Saved data entries
=== Section Start ===

(* In the $\mathbf N$-agent system described in the context, let $\{\boldsymbol\mu_t^{\mathbf N},\boldsymbol\nu_t^{\mathbf N}\}_{t\ge0}$ be the empirical joint state and action distributions induced by a policy $\boldsymbol\pi=\{\boldsymbol\pi_t\}_{t\ge0}$. Then for every $t\ge0$, $$\mathbb E\Big|\frac1{N_{\mathrm{pop}}}\sum_{k\in[K]}\sum_{j=1}^{N_k}r_k(x_{j,k}^t,u_{j,k}^t,\boldsymbol\mu_t^{\mathbf N},\boldsymbol\nu_t^{\mathbf N})-\sum_{k\in[K]}r_k^{\mathrm{MF}}(\boldsymbol\mu_t^{\mathbf N},\boldsymbol\pi_t)\Big|\le C_R\sqrt{|\mathcal U|}\frac1{N_{\mathrm{pop}}}\Big(\sum_{k\in[K]}\sqrt{N_k}\Big),$$ where $C_R=M_R+L_R$.
   Context: Fix $K\ge1$, $N_1,\dots,N_K\ge1$, $[K]=\{1,\dots,K\}$, $N_{\mathrm{pop}}=\sum_kN_k$, finite sets $\mathcal X,\mathcal U$, $\mathcal P(A)$ the probability distributions on $A$, $|\cdot|_1$ the $L_1$ norm, constants $M_R,L_R,L_P>0$. Agent $j\in[N_k]$ of class $k$ has state $x_{j,k}^t$ and action $u_{j,k}^t$; $\boldsymbol\mu_t^{\mathbf N}(x,k)=\frac1{N_{\mathrm{pop}}}\sum_{j=1}^{N_k}\mathbf 1(x_{j,k}^t=x)$, $\boldsymbol\nu_t^{\mathbf N}(u,k)=\frac1{N_{\mathrm{pop}}}\sum_{j=1}^{N_k}\mathbf 1(u_{j,k}^t=u)$. For each $k$, $r_k:\mathcal X\times\mathcal U\times\mathcal P(\mathcal X\times[K])\times\mathcal P(\mathcal U\times[K])\to\mathbb R$ and $P_k:\mathcal X\times\mathcal U\times\mathcal P(\mathcal X\times[K])\times\mathcal P(\mathcal U\times[K])\to\mathcal P(\mathcal X)$ satisfy $|r_k|\le M_R$, $|r_k(x,u,\boldsymbol\mu_1,\boldsymbol\nu_1)-r_k(x,u,\boldsymbol\mu_2,\boldsymbol\nu_2)|\le L_R(|\boldsymbol\mu_1-\boldsymbol\mu_2|_1+|\boldsymbol\nu_1-\boldsymbol\nu_2|_1)$, $|P_k(x,u,\boldsymbol\mu_1,\boldsymbol\nu_1)-P_k(x,u,\boldsymbol\mu_2,\boldsymbol\nu_2)|_1\le L_P(|\boldsymbol\mu_1-\boldsymbol\mu_2|_1+|\boldsymbol\nu_1-\boldsymbol\nu_2|_1)$. A policy is $\boldsymbol\pi=\{\boldsymbol\pi_t\}_{t\ge0}$, $\boldsymbol\pi_t=(\pi_k^t)_k$, $\pi_k^t:\mathcal X\times\mathcal P(\mathcal X\times[K])\to\mathcal P(\mathcal U)$. Dynamics: conditioned on all states at time $t$, actions are independent across agents with $u_{j,k}^t\sim\pi_k^t(x_{j,k}^t,\boldsymbol\mu_t^{\mathbf N})$; conditioned on states and actions, next states are independent with $x_{j,k}^{t+1}\sim P_k(x_{j,k}^t,u_{j,k}^t,\boldsymbol\mu_t^{\mathbf N},\boldsymbol\nu_t^{\mathbf N})$. Mean-field: $\nu^{\mathrm{MF}}(\boldsymbol\mu,\boldsymbol\pi)(u,k)=\sum_x\pi_k(x,\boldsymbol\mu)(u)\boldsymbol\mu(x,k)$, $r_k^{\mathrm{MF}}(\boldsymbol\mu,\boldsymbol\pi)=\sum_{x,u}\boldsymbol\mu(x,k)\pi_k(x,\boldsymbol\mu)(u)r_k(x,u,\boldsymbol\mu,\nu^{\mathrm{MF}}(\boldsymbol\mu,\boldsymbol\pi))$. *)

theory Defs
  imports "HOL-Probability.Probability"
begin

text \<open>Classes are 1..K; agent (j,k) with k in 1..K and j in 1..N k.
  A distribution on X x [K] is a function mu :: 'x => nat => real (mu x k).\<close>

definition agents :: "nat \<Rightarrow> (nat \<Rightarrow> nat) \<Rightarrow> (nat \<times> nat) set" where
  "agents K N = {(j, k). k \<in> {1..K} \<and> j \<in> {1..N k}}"

definition Npop :: "nat \<Rightarrow> (nat \<Rightarrow> nat) \<Rightarrow> nat" where
  "Npop K N = (\<Sum>k=1..K. N k)"

definition is_dist :: "nat \<Rightarrow> ('a::finite \<Rightarrow> nat \<Rightarrow> real) \<Rightarrow> bool" where
  "is_dist K m \<longleftrightarrow> (\<forall>a k. 0 \<le> m a k) \<and> (\<forall>a k. k \<notin> {1..K} \<longrightarrow> m a k = 0)
     \<and> (\<Sum>a\<in>UNIV. \<Sum>k=1..K. m a k) = 1"

definition dist1 :: "nat \<Rightarrow> ('a::finite \<Rightarrow> nat \<Rightarrow> real) \<Rightarrow> ('a \<Rightarrow> nat \<Rightarrow> real) \<Rightarrow> real" where
  "dist1 K m1 m2 = (\<Sum>a\<in>UNIV. \<Sum>k=1..K. \<bar>m1 a k - m2 a k\<bar>)"

definition pmf_dist1 :: "'a::finite pmf \<Rightarrow> 'a pmf \<Rightarrow> real" where
  "pmf_dist1 p q = (\<Sum>a\<in>UNIV. \<bar>pmf p a - pmf q a\<bar>)"

definition emp :: "nat \<Rightarrow> (nat \<Rightarrow> nat) \<Rightarrow> (nat \<times> nat \<Rightarrow> 'a) \<Rightarrow> 'a \<Rightarrow> nat \<Rightarrow> real" where
  "emp K N s a k = (if k \<in> {1..K}
      then real (card {j \<in> {1..N k}. s (j, k) = a}) / real (Npop K N) else 0)"

definition action_law ::
  "nat \<Rightarrow> (nat \<Rightarrow> nat) \<Rightarrow> (nat \<Rightarrow> nat \<Rightarrow> 'x \<Rightarrow> ('x \<Rightarrow> nat \<Rightarrow> real) \<Rightarrow> 'u pmf)
   \<Rightarrow> nat \<Rightarrow> (nat \<times> nat \<Rightarrow> 'x) \<Rightarrow> (nat \<times> nat \<Rightarrow> 'u) pmf" where
  "action_law K N pol t s =
     Pi_pmf (agents K N) undefined (\<lambda>(j, k). pol t k (s (j, k)) (emp K N s))"

definition next_law ::
  "nat \<Rightarrow> (nat \<Rightarrow> nat) \<Rightarrow> (nat \<Rightarrow> 'x \<Rightarrow> 'u \<Rightarrow> ('x \<Rightarrow> nat \<Rightarrow> real) \<Rightarrow> ('u \<Rightarrow> nat \<Rightarrow> real) \<Rightarrow> 'x pmf)
   \<Rightarrow> (nat \<times> nat \<Rightarrow> 'x) \<Rightarrow> (nat \<times> nat \<Rightarrow> 'u) \<Rightarrow> (nat \<times> nat \<Rightarrow> 'x) pmf" where
  "next_law K N P s a =
     Pi_pmf (agents K N) undefined (\<lambda>(j, k). P k (s (j, k)) (a (j, k)) (emp K N s) (emp K N a))"
(* Let $\mathcal{R}$ be a set of rules over a finite language and let $\mathit{applyFolding}(\rho,\mathcal{R})$ be the procedure: while $\mathit{foldable}(\rho,\mathcal{R})$ holds, set $\rho:=\mathit{fold}(\rho,\mathcal{R})$; then return $\rho$. Suppose $\mathit{applyFolding}$ is bounded. Then $\mathit{applyFolding}(\rho,\mathcal{R})$ terminates and returns an intensional rule.
   Context: Rules are in normalised form $p_0(X_0)\leftarrow eq_1,\dots,eq_k,p_1(X_1),\dots,p_n(X_n)$ with equalities $eq_i$ between terms; a ground fact $p(t)\leftarrow$ is written $p(X)\leftarrow X=t$ and such rules are non-intensional, while intensional rules are non-ground rule schemata. $bd(\rho)$ is the body of $\rho$. Folding (R2): given distinct rules $\rho_1: H\leftarrow Eqs_1,B_1,B_2$ and $\rho_2: K\leftarrow Eqs_1,Eqs_2,B_1$ with $\mathit{vars}(Eqs_2)\cap\mathit{vars}(\rho_1)=\emptyset$ ($Eqs$ sets of equalities, $B$ sets of atoms), $\rho_1$ is replaced by $\rho_3: H\leftarrow Eqs_2,K,B_2$. $\mathit{foldable}(\rho,\mathcal{R})$ is a boolean function such that $\mathit{foldable}(\rho,\mathcal{R})$ implies R2 can be applied to $\rho$ using a rule in $\mathcal{R}$, and $\mathit{fold}(\rho,\mathcal{R})$ is a rule obtained by applying R2 to $\rho$ using a rule in $\mathcal{R}$ (possibly nondeterministically). For a sequence $\rho_0,\rho_1,\dots$ with $\rho_{i+1}=\mathit{fold}(\rho_i,\mathcal{R})$, define $\mathbb{B}_0=bd(\rho_0)$ and $\mathbb{B}_{i+1}=\mathbb{B}_i\cup\{Eqs_2,K\}$, where $B_1,Eqs_1,Eqs_2,K$ are as in the R2 step producing $\rho_{i+1}$ and $\{B_1,Eqs_1\}\subseteq\mathbb{B}_i$. $\mathit{applyFolding}$ is bounded if: (F1) if $\rho$ is non-intensional then $\mathit{foldable}(\rho,\mathcal{R})$ is true; (F2) for all $i\ge0$, if $\mathit{foldable}(\rho_i,\mathcal{R})$ then (i) $K\notin\mathbb{B}_i$, and (ii) for any variables $X,Y$ and constant $a$, if $X=a\in Eqs_2$ then $Y=a\notin\mathbb{B}_i$. *)

theory Defs
  imports Main
begin

datatype ('f,'v) trm = Var 'v | Fn 'f "('f,'v) trm list"

text \<open>A constant a is the nullary application Fn a [].\<close>

datatype ('p,'v) atm = Atom 'p "'v list"

datatype ('f,'v) eqn = Eqn "('f,'v) trm" "('f,'v) trm"

record ('p,'f,'v) rule =
  rhead :: "('p,'v) atm"
  reqs  :: "('f,'v) eqn set"
  rats  :: "('p,'v) atm set"

datatype ('p,'f,'v) lit = LEq "('f,'v) eqn" | LAt "('p,'v) atm"

definition bd :: "('p,'f,'v) rule \<Rightarrow> ('p,'f,'v) lit set" where
  "bd \<rho> = LEq ` reqs \<rho> \<union> LAt ` rats \<rho>"

fun tvars :: "('f,'v) trm \<Rightarrow> 'v set" where
  "tvars (Var x) = {x}"
| "tvars (Fn f ts) = (\<Union>t\<in>set ts. tvars t)"

definition ground :: "('f,'v) trm \<Rightarrow> bool" where
  "ground t \<longleftrightarrow> tvars t = {}"

fun eqvars :: "('f,'v) eqn \<Rightarrow> 'v set" where
  "eqvars (Eqn s t) = tvars s \<union> tvars t"

fun avars :: "('p,'v) atm \<Rightarrow> 'v set" where
  "avars (Atom p xs) = set xs"

definition evars :: "('f,'v) eqn set \<Rightarrow> 'v set" where
  "evars E = (\<Union>e\<in>E. eqvars e)"

definition rvars :: "('p,'f,'v) rule \<Rightarrow> 'v set" where
  "rvars \<rho> = avars (rhead \<rho>) \<union> evars (reqs \<rho>) \<union> (\<Union>a\<in>rats \<rho>. avars a)"

record ('p,'f,'v) lang =
  lpreds :: "'p set"
  lparity :: "'p \<Rightarrow> nat"
  lfuns :: "'f set"
  lfarity :: "'f \<Rightarrow> nat"
  lvars :: "'v set"

definition finite_lang :: "('p,'f,'v) lang \<Rightarrow> bool" where
  "finite_lang L \<longleftrightarrow> finite (lpreds L) \<and> finite (lfuns L) \<and> finite (lvars L)"

fun trm_over :: "('p,'f,'v) lang \<Rightarrow> ('f,'v) trm \<Rightarrow> bool" where
  "trm_over L (Var x) \<longleftrightarrow> x \<in> lvars L"
| "trm_over L (Fn f ts) \<longleftrightarrow> f \<in> lfuns L \<and> length ts = lfarity L f \<and> (\<forall>t\<in>set ts. trm_over L t)"

fun atm_over :: "('p,'f,'v) lang \<Rightarrow> ('p,'v) atm \<Rightarrow> bool" where
  "atm_over L (Atom p xs) \<longleftrightarrow> p \<in> lpreds L \<and> length xs = lparity L p \<and> set xs \<subseteq> lvars L"

fun eqn_over :: "('p,'f,'v) lang \<Rightarrow> ('f,'v) eqn \<Rightarrow> bool" where
  "eqn_over L (Eqn s t) \<longleftrightarrow> trm_over L s \<and> trm_over L t"

definition rule_over :: "('p,'f,'v) lang \<Rightarrow> ('p,'f,'v) rule \<Rightarrow> bool" where
  "rule_over L \<rho> \<longleftrightarrow> atm_over L (rhead \<rho>) \<and> (\<forall>e\<in>reqs \<rho>. eqn_over L e)
      \<and> (\<forall>a\<in>rats \<rho>. atm_over L a)"

text \<open>Non-intensional: a ground fact p(t) <- written p(X) <- X = t.\<close>
definition nonintensional :: "('p,'f,'v) rule \<Rightarrow> bool" where
  "nonintensional \<rho> \<longleftrightarrow> rats \<rho> = {} \<and>
     (\<exists>p xs ts. rhead \<rho> = Atom p xs \<and> distinct xs \<and> length ts = length xs \<and>
        (\<forall>t\<in>set ts. ground t) \<and> reqs \<rho> = set (map2 (\<lambda>x t. Eqn (Var x) t) xs ts))"

definition intensional :: "('p,'f,'v) rule \<Rightarrow> bool" where
  "intensional \<rho> \<longleftrightarrow> \<not> nonintensional \<rho>"

record ('p,'f,'v) fold_data =
  fE1 :: "('f,'v) eqn set"
  fE2 :: "('f,'v) eqn set"
  fB1 :: "('p,'v) atm set"
  fB2 :: "('p,'v) atm set"
  fK  :: "('p,'v) atm"

definition r2_step :: "('p,'f,'v) rule set \<Rightarrow> ('p,'f,'v) rule \<Rightarrow> ('p,'f,'v) fold_data
                        \<Rightarrow> ('p,'f,'v) rule \<Rightarrow> bool" where
  "r2_step R \<rho>1 d \<rho>3 \<longleftrightarrow> (\<exists>\<rho>2\<in>R. \<rho>2 \<noteq> \<rho>1 \<and>
      reqs \<rho>1 = fE1 d \<and> rats \<rho>1 = fB1 d \<union> fB2 d \<and>
      rhead \<rho>2 = fK d \<and> reqs \<rho>2 = fE1 d \<union> fE2 d \<and> rats \<rho>2 = fB1 d \<and>
      evars (fE2 d) \<inter> rvars \<rho>1 = {} \<and>
      \<rho>3 = \<lparr>rhead = rhead \<rho>1, reqs = fE2 d, rats = insert (fK d) (fB2 d)\<rparr>)"

text \<open>Specification of foldable and (possibly nondeterministic) fold:
  fold rho R d rho' means rho' is a possible value of fold(rho,R), obtained by an
  R2 step with data d.\<close>
definition fold_spec ::
  "(('p,'f,'v) rule \<Rightarrow> ('p,'f,'v) rule set \<Rightarrow> bool) \<Rightarrow>
   (('p,'f,'v) rule \<Rightarrow> ('p,'f,'v) rule set \<Rightarrow> ('p,'f,'v) fold_data \<Rightarrow> ('p,'f,'v) rule \<Rightarrow> bool) \<Rightarrow>
   ('p,'f,'v) rule set \<Rightarrow> bool" where
  "fold_spec foldable foldR R \<longleftrightarrow>
     (\<forall>\<rho>. foldable \<rho> R \<longrightarrow> (\<exists>d \<rho>'. foldR \<rho> R d \<rho>')) \<and>
     (\<forall>\<rho> d \<rho>'. foldable \<rho> R \<longrightarrow> foldR \<rho> R d \<rho>' \<longrightarrow> r2_step R \<rho> d \<rho>')"

text \<open>The first n iterations of the while loop of applyFolding.\<close>
definition fold_run ::
  "(('p,'f,'v) rule \<Rightarrow> ('p,'f,'v) rule set \<Rightarrow> bool) \<Rightarrow>
   (('p,'f,'v) rule \<Rightarrow> ('p,'f,'v) rule set \<Rightarrow> ('p,'f,'v) fold_data \<Rightarrow> ('p,'f,'v) rule \<Rightarrow> bool) \<Rightarrow>
   ('p,'f,'v) rule set \<Rightarrow> (nat \<Rightarrow> ('p,'f,'v) rule) \<Rightarrow> (nat \<Rightarrow> ('p,'f,'v) fold_data) \<Rightarrow> nat \<Rightarrow> bool" where
  "fold_run foldable foldR R rs ds n \<longleftrightarrow>
     (\<forall>i<n. foldable (rs i) R \<and> foldR (rs i) R (ds i) (rs (Suc i)))"

fun BB :: "(nat \<Rightarrow> ('p,'f,'v) rule) \<Rightarrow> (nat \<Rightarrow> ('p,'f,'v) fold_data) \<Rightarrow> nat \<Rightarrow> ('p,'f,'v) lit set" where
  "BB rs ds 0 = bd (rs 0)"
| "BB rs ds (Suc i) = BB rs ds i \<union> LEq ` fE2 (ds i) \<union> {LAt (fK (ds i))}"

definition bounded ::
  "('p,'f,'v) lang \<Rightarrow>
   (('p,'f,'v) rule \<Rightarrow> ('p,'f,'v) rule set \<Rightarrow> bool) \<Rightarrow>
   (('p,'f,'v) rule \<Rightarrow> ('p,'f,'v) rule set \<Rightarrow> ('p,'f,'v) fold_data \<Rightarrow> ('p,'f,'v) rule \<Rightarrow> bool) \<Rightarrow>
   ('p,'f,'v) rule set \<Rightarrow> bool" where
  "bounded L foldable foldR R \<longleftrightarrow>
     (\<forall>\<rho>. rule_over L \<rho> \<longrightarrow> nonintensional \<rho> \<longrightarrow> foldable \<rho> R) \<and>
     (\<forall>rs ds n. rule_over L (rs 0) \<longrightarrow> fold_run foldable foldR R rs ds n \<longrightarrow>
        (\<forall>i<n. LAt (fK (ds i)) \<notin> BB rs ds i \<and>
               (\<forall>x y a. Eqn (Var x) (Fn a []) \<in> fE2 (ds i) \<longrightarrow>
                        LEq (Eqn (Var y) (Fn a [])) \<notin> BB rs ds i)))"

end

theory Submission
  imports Defs
begin

text \<open>Every fold of the loop adds the head K of a rule of R to the accumulated body; by (F2)(i)
  this atom is new, so the heads introduced along a run are pairwise distinct. They are all atoms
  over the finite language, of which there are only finitely many, so the loop stops. A rule on
  which it stops is not foldable, hence intensional by (F1).\<close>

lemma finite_atm_over:
  assumes "finite_lang L"
  shows "finite {a. atm_over L a}"
proof -
  let ?args = "SIGMA p:lpreds L. {xs. set xs \<subseteq> lvars L \<and> length xs = lparity L p}"
  have "finite ?args"
    using assms unfolding finite_lang_def by (auto intro: finite_lists_length_eq)
  moreover have "{a. atm_over L a} \<subseteq> (\<lambda>(p, xs). Atom p xs) ` ?args"
  proof
    fix a assume "a \<in> {a. atm_over L a}"
    then show "a \<in> (\<lambda>(p, xs). Atom p xs) ` ?args" by (cases a) (auto intro!: image_eqI)
  qed
  ultimately show ?thesis by (meson finite_imageI finite_subset)
qed

lemma mono_BB: "mono (BB rs ds)"
  unfolding mono_iff_le_Suc by auto

lemma inj_fold_heads:
  assumes "\<And>i. LAt (fK (ds i)) \<notin> BB rs ds i"
  shows "inj (\<lambda>i. fK (ds i))"
proof (rule linorder_injI)
  fix i j :: nat assume "i < j"
  then have "BB rs ds (Suc i) \<subseteq> BB rs ds j" using mono_BB[of rs ds] by (meson Suc_leI monoD)
  then have "LAt (fK (ds i)) \<in> BB rs ds j" by auto
  then show "fK (ds i) \<noteq> fK (ds j)" using assms[of j] by auto
qed

lemma r2_step_rule_over:
  assumes "\<forall>\<rho>\<in>R. rule_over L \<rho>" "r2_step R \<rho> d \<rho>'" "rule_over L \<rho>"
  shows "rule_over L \<rho>'" "atm_over L (fK d)"
proof -
  obtain \<rho>2 where "\<rho>2 \<in> R" "rats \<rho> = fB1 d \<union> fB2 d" "rhead \<rho>2 = fK d"
    "reqs \<rho>2 = fE1 d \<union> fE2 d"
    "\<rho>' = \<lparr>rhead = rhead \<rho>, reqs = fE2 d, rats = insert (fK d) (fB2 d)\<rparr>"
    using assms(2) unfolding r2_step_def by blast
  with assms(1,3) show "rule_over L \<rho>'" "atm_over L (fK d)"
    unfolding rule_over_def by auto
qed

lemma fold_run_r2_step:
  assumes "fold_spec foldable foldR R" "fold_run foldable foldR R rs ds n" "i < n"
  shows "r2_step R (rs i) (ds i) (rs (Suc i))"
  using assms unfolding fold_spec_def fold_run_def by blast

lemma fold_run_rule_over:
  assumes "\<forall>\<rho>\<in>R. rule_over L \<rho>" "fold_spec foldable foldR R"
    "rule_over L (rs 0)" "fold_run foldable foldR R rs ds n"
  shows "i \<le> n \<Longrightarrow> rule_over L (rs i)"
proof (induction i)
  case 0 then show ?case using assms(3) by simp
next
  case (Suc i)
  then show ?case
    using r2_step_rule_over(1)[OF assms(1) fold_run_r2_step[OF assms(2,4)]] by simp
qed

lemma fold_run_head_over:
  assumes "\<forall>\<rho>\<in>R. rule_over L \<rho>" "fold_spec foldable foldR R"
    "rule_over L (rs 0)" "fold_run foldable foldR R rs ds n" "i < n"
  shows "atm_over L (fK (ds i))"
  using r2_step_rule_over(2)[OF assms(1) fold_run_r2_step[OF assms(2,4,5)]]
    fold_run_rule_over[OF assms(1-4)] assms(5) by simp

theorem proposition3:
  fixes L :: "('p,'f,'v) lang"
    and R :: "('p,'f,'v) rule set"
    and \<rho>0 :: "('p,'f,'v) rule"
  assumes "finite_lang L"
    and "\<forall>\<rho>\<in>R. rule_over L \<rho>"
    and "rule_over L \<rho>0"
    and "fold_spec foldable foldR R"
    and "bounded L foldable foldR R"
  shows "\<not> (\<exists>rs ds. rs 0 = \<rho>0 \<and> (\<forall>i. foldable (rs i) R \<and> foldR (rs i) R (ds i) (rs (Suc i))))
       \<and> (\<forall>rs ds n. rs 0 = \<rho>0 \<longrightarrow> fold_run foldable foldR R rs ds n \<longrightarrow> \<not> foldable (rs n) R
           \<longrightarrow> intensional (rs n))"
proof (intro conjI notI allI impI)
  assume "\<exists>rs ds. rs 0 = \<rho>0 \<and> (\<forall>i. foldable (rs i) R \<and> foldR (rs i) R (ds i) (rs (Suc i)))"
  then obtain rs ds where "rs 0 = \<rho>0" and "\<And>n. fold_run foldable foldR R rs ds n"
    unfolding fold_run_def by blast
  with assms have "LAt (fK (ds i)) \<notin> BB rs ds i" and "atm_over L (fK (ds i))" for i
    using fold_run_head_over[of R L foldable foldR rs ds "Suc i" i]
    unfolding bounded_def by blast+
  then have "inj (\<lambda>i. fK (ds i))" and "range (\<lambda>i. fK (ds i)) \<subseteq> {a. atm_over L a}"
    using inj_fold_heads by blast+
  then show False
    using finite_atm_over[OF assms(1)] by (meson finite_imageD finite_subset infinite_UNIV_nat)
next
  fix rs ds n
  assume "rs 0 = \<rho>0" "fold_run foldable foldR R rs ds n" "\<not> foldable (rs n) R"
  with assms(2-5) show "intensional (rs n)"
    using fold_run_rule_over[of R L foldable foldR rs ds n n]
    unfolding bounded_def intensional_def by blast
qed

end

=== Section End ===

YOUR GOAL.
In the entries above, find each line containing the string "lfuns" and copy it.

RESPONSE TO THE TASK.
  lfuns :: "'f set"
  "finite_lang L \<longleftrightarrow> finite (lpreds L) \<and> finite (lfuns L) \<and> finite (lvars L)"
| "trm_over L (Fn f ts) \<longleftrightarrow> f \<in> lfuns L \<and> length ts = lfarity L f \<and> (\<forall>t\<in>set ts. trm_over L t)"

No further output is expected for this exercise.